On 10/31/2014 01:28 AM, Joonsoo Kim wrote:
> On Tue, Oct 28, 2014 at 12:08:46PM -0700, Florian Fainelli wrote:
>> Hello,
>>
>> While debugging why some dma_alloc_coherent() allocations where
>> returning NULL on our brcmstb platform, specifically with
>> drivers/net/ethernet/broadcom/bcmcsysport.c, I came across the
>> fatal_signal_pending() check in mm/page_alloc.c which is there.
>>
>> This driver calls dma_alloc_coherent(, GFP_KERNEL) which ends up making
>> a coherent allocation from a CMA region on our platform. Since that
>> allocation is allowed to sleep, and because we are in bcm_syport_open(),
>> executed from process context, a pending signal makes
>> dma_alloc_coherent() return NULL.
> 
> Hello, Florian.
> 
> fatal_signal_pending means that there is SIGKILL on that process.
> I guess that caller of dma_alloc_coherent() will die soon.
> In this case, why CMA should be succeed?

I agree that the CMA allocation should not be allowed to succeed, but
the dma_alloc_coherent() allocation should succeed. If we look at the
sysport driver, there are kmalloc() calls to initialize private
structures, those will succeed (except under high memory pressure), so
by the same token, a driver expects DMA allocations to succeed (unless
we are under high memory pressure)

What are we trying to solve exactly with the fatal_signal_pending()
check here? Are we just optimizing for the case where a process has
allocated from a CMA region to allow this region to be returned to the
pool of free pages when it gets killed?
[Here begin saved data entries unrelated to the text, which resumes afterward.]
(* Let $N=\{1,\dots,n\}$ with $n\ge 2$ and $\mathcal{D}=\mathbb{R}^n_+$. A rule $R:\mathcal{D}\to\mathbb{R}^n_+$ satisfies scale invariance, downstream impartiality, upstream invariance, and equal treatment of equal source inflows if and only if it is a compromise rule, i.e. there exists $\lambda\in[0,1]$ such that for each $e\in\mathcal{D}$, $R(e)=\lambda R^{NT}(e)+(1-\lambda)R^{EFT}(e)$.
   Context: Agents $1,\dots,n$ are located along a linear river, lower index meaning more upstream; agent $i$ has river inflow $e_i\ge 0$, and $e=(e_1,\dots,e_n)\in\mathcal{D}=\mathbb{R}^n_+$. An allocation for $e$ is $x\in\mathbb{R}^n_+$ with $\sum_{i=1}^n x_i=\sum_{i=1}^n e_i$ and $\sum_{i=1}^k x_i\le\sum_{i=1}^k e_i$ for each $k=1,\dots,n-1$. A rule is a map $R:\mathcal{D}\to\mathbb{R}^n_+$ assigning to each $e$ an allocation $R(e)$ for $e$. No-transfer rule: $R^{NT}_i(e)=e_i$ for all $i$. Egalitarian full-transfer rule: $R^{EFT}_i(e)=\sum_{j<i}\frac{e_j}{n-j}$ for $i=1,\dots,n-1$ (so $R^{EFT}_1(e)=0$), and $R^{EFT}_n(e)=\sum_{j<n}\frac{e_j}{n-j}+e_n$. For $e\in\mathcal{D}$ with $e_k>0$ for some $k\le n-1$, its source is $s(e)=\min\{k\in\{1,\dots,n-1\}:e_k>0\}$. Axioms: Scale invariance: for each $e\in\mathcal{D}$ and each $\gamma\in\mathbb{R}_+$, $R(\gamma e)=\gamma R(e)$. Upstream invariance: for each $e,e'\in\mathcal{D}$ such that $e_i<e'_i$ for some $i\in N$ and $e_j=e'_j$ for all $j\ne i$, we have $R_k(e)=R_k(e')$ for each $k<i$. Downstream impartiality: for each $e,e'\in\mathcal{D}$ such that $e_i<e'_i$ for some $i\in N$ and $e_j=e'_j$ for all $j\ne i$, and for each $k,l>i$ with $e_k=e_l$, we have $R_k(e')-R_k(e)=R_l(e')-R_l(e)$. Equal treatment of equal source inflows: for each $e,e'\in\mathcal{D}$ (with sources defined) such that $e_{s(e)}=e'_{s(e')}$, $R_{s(e)}(e)=R_{s(e')}(e')$. *)

theory Defs
  imports Main Complex_Main
begin

text \<open>Agents are 1..n; an inflow profile is a function nat => real that is
nonnegative on {1..n} and zero outside (canonical representation of R^n_+).\<close>

definition dom_D :: "nat \<Rightarrow> (nat \<Rightarrow> real) set" where
  "dom_D n = {e. (\<forall>i\<in>{1..n}. 0 \<le> e i) \<and> (\<forall>i. i \<notin> {1..n} \<longrightarrow> e i = 0)}"

definition is_allocation :: "nat \<Rightarrow> (nat \<Rightarrow> real) \<Rightarrow> (nat \<Rightarrow> real) \<Rightarrow> bool" where
  "is_allocation n e x \<longleftrightarrow>
     (\<forall>i\<in>{1..n}. 0 \<le> x i) \<and>
     (\<Sum>i=1..n. x i) = (\<Sum>i=1..n. e i) \<and>
     (\<forall>k\<in>{1..n-1}. (\<Sum>i=1..k. x i) \<le> (\<Sum>i=1..k. e i))"

definition is_rule :: "nat \<Rightarrow> ((nat \<Rightarrow> real) \<Rightarrow> (nat \<Rightarrow> real)) \<Rightarrow> bool" where
  "is_rule n R \<longleftrightarrow> (\<forall>e\<in>dom_D n. is_allocation n e (R e))"

definition R_NT :: "(nat \<Rightarrow> real) \<Rightarrow> nat \<Rightarrow> real" where
  "R_NT e i = e i"

definition R_EFT :: "nat \<Rightarrow> (nat \<Rightarrow> real) \<Rightarrow> nat \<Rightarrow> real" where
  "R_EFT n e i = (\<Sum>j\<in>{1..<i}. e j / (real n - real j)) + (if i = n then e n else 0)"

definition has_source :: "nat \<Rightarrow> (nat \<Rightarrow> real) \<Rightarrow> bool" where
  "has_source n e \<longleftrightarrow> (\<exists>k\<in>{1..n-1}. 0 < e k)"

definition source :: "nat \<Rightarrow> (nat \<Rightarrow> real) \<Rightarrow> nat" where
  "source n e = (LEAST k. k \<in> {1..n-1} \<and> 0 < e k)"

definition scale_invariant :: "nat \<Rightarrow> ((nat \<Rightarrow> real) \<Rightarrow> (nat \<Rightarrow> real)) \<Rightarrow> bool" where
  "scale_invariant n R \<longleftrightarrow>
     (\<forall>e\<in>dom_D n. \<forall>\<gamma>::real. 0 \<le> \<gamma> \<longrightarrow>
        (\<forall>k\<in>{1..n}. R (\<lambda>i. \<gamma> * e i) k = \<gamma> * R e k))"

definition upstream_invariant :: "nat \<Rightarrow> ((nat \<Rightarrow> real) \<Rightarrow> (nat \<Rightarrow> real)) \<Rightarrow> bool" where
  "upstream_invariant n R \<longleftrightarrow>
     (\<forall>e\<in>dom_D n. \<forall>e'\<in>dom_D n. \<forall>i\<in>{1..n}.
        e i < e' i \<and> (\<forall>j\<in>{1..n}. j \<noteq> i \<longrightarrow> e j = e' j) \<longrightarrow>
        (\<forall>k\<in>{1..n}. k < i \<longrightarrow> R e k = R e' k))"

definition downstream_impartial :: "nat \<Rightarrow> ((nat \<Rightarrow> real) \<Rightarrow> (nat \<Rightarrow> real)) \<Rightarrow> bool" where
  "downstream_impartial n R \<longleftrightarrow>
     (\<forall>e\<in>dom_D n. \<forall>e'\<in>dom_D n. \<forall>i\<in>{1..n}.
        e i < e' i \<and> (\<forall>j\<in>{1..n}. j \<noteq> i \<longrightarrow> e j = e' j) \<longrightarrow>
        (\<forall>k\<in>{1..n}. \<forall>l\<in>{1..n}. i < k \<and> i < l \<and> e k = e l \<longrightarrow>
            R e' k - R e k = R e' l - R e l))"

definition equal_treatment_source :: "nat \<Rightarrow> ((nat \<Rightarrow> real) \<Rightarrow> (nat \<Rightarrow> real)) \<Rightarrow> bool" where
  "equal_treatment_source n R \<longleftrightarrow>
     (\<forall>e\<in>dom_D n. \<forall>e'\<in>dom_D n. has_source n e \<and> has_source n e' \<and>
        e (source n e) = e' (source n e') \<longrightarrow>
        R e (source n e) = R e' (source n e'))"

definition compromise_rule :: "nat \<Rightarrow> ((nat \<Rightarrow> real) \<Rightarrow> (nat \<Rightarrow> real)) \<Rightarrow> bool" where
  "compromise_rule n R \<longleftrightarrow>
     (\<exists>lam::real. 0 \<le> lam \<and> lam \<le> 1 \<and>
        (\<forall>e\<in>dom_D n. \<forall>i\<in>{1..n}. R e i = lam * R_NT e i + (1 - lam) * R_EFT n e i))"

end

theory Submission
  imports Defs
begin

(* A compromise rule satisfies the four axioms by direct computation.  Conversely, put
   lam := R_1(u) for the unit inflow u at the most upstream agent; scale invariance and
   equal treatment of equal source inflows give R_s(e) = lam * e_s at the source s of e.
   The deviation D = R - C_lam from the compromise rule C_lam is again scale invariant,
   upstream invariant and downstream impartial, sums to zero, and vanishes at sources.
   D_k = 0 follows by induction on k: by upstream invariance D_k(e) depends only on
   e_1, ..., e_k, so the inflows of agents k..n may all be set to e_k.  On profiles with
   such a flat tail, changing the inflow of an agent above k shifts D_l by the same amount
   for every l >= k (downstream impartiality), and does not change D_j for j < k
   (induction hypothesis), so balance forces the shift to vanish.  This reduces D_k(e) to
   a profile that is zero above k, where k is the source (or the profile is zero).  The
   last agent is settled by balance. *)

section \<open>Inflow profiles and sources\<close>

lemma dom_D_nonneg: "e \<in> dom_D n \<Longrightarrow> 0 \<le> e i"
  unfolding dom_D_def by (cases "i \<in> {1..n}") auto

lemma dom_D_outside: "e \<in> dom_D n \<Longrightarrow> i \<notin> {1..n} \<Longrightarrow> e i = 0"
  by (simp add: dom_D_def)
Could there be another mechanism
used to reclaim those pages if we know the process is getting killed anyway?

> 
>>
>> There are two ways I could fix this:
>>
>> - use a GFP_ATOMIC allocation, which would avoid this sensitivity to a
>> pending signal being fatal (we suffer from the same issue in
>> bcm_sysport_resume)
>>
>> - move the DMA coherent allocation before bcm_sysport_open(), in the
>> driver's probe function, but if the network interface is never used, we
>> would be waisting precious DMA coherent memory for nothing (it is only 4
>> bytes times 32 but still
> 
> I guess that it is okay that bcm_sysport_open() return -EINTR?

Well, not really. This driver is not an isolated case, there are tons of
other networking drivers that do exactly the same thing, and we do
expect these dma_alloc_* calls to succeed.

I think we would want to ignore the fatal_signal_pending() check for
allocations coming through the dma_alloc_* API, although I agree this
could be a tough one when they are done from process context.

Updating all drivers to switch to GFP_ATOMIC allocations is not a good
idea, since that would exhaust the atomic DMA coherent pool for no good
reason.

FYI, we are hitting the same problem during suspend/resume, if you are
unlucky enough the suspending process get interrupted, you can get a lot
of crashes from drivers that do not expect their dma_alloc_coherent()
allocation to be sensible to signals.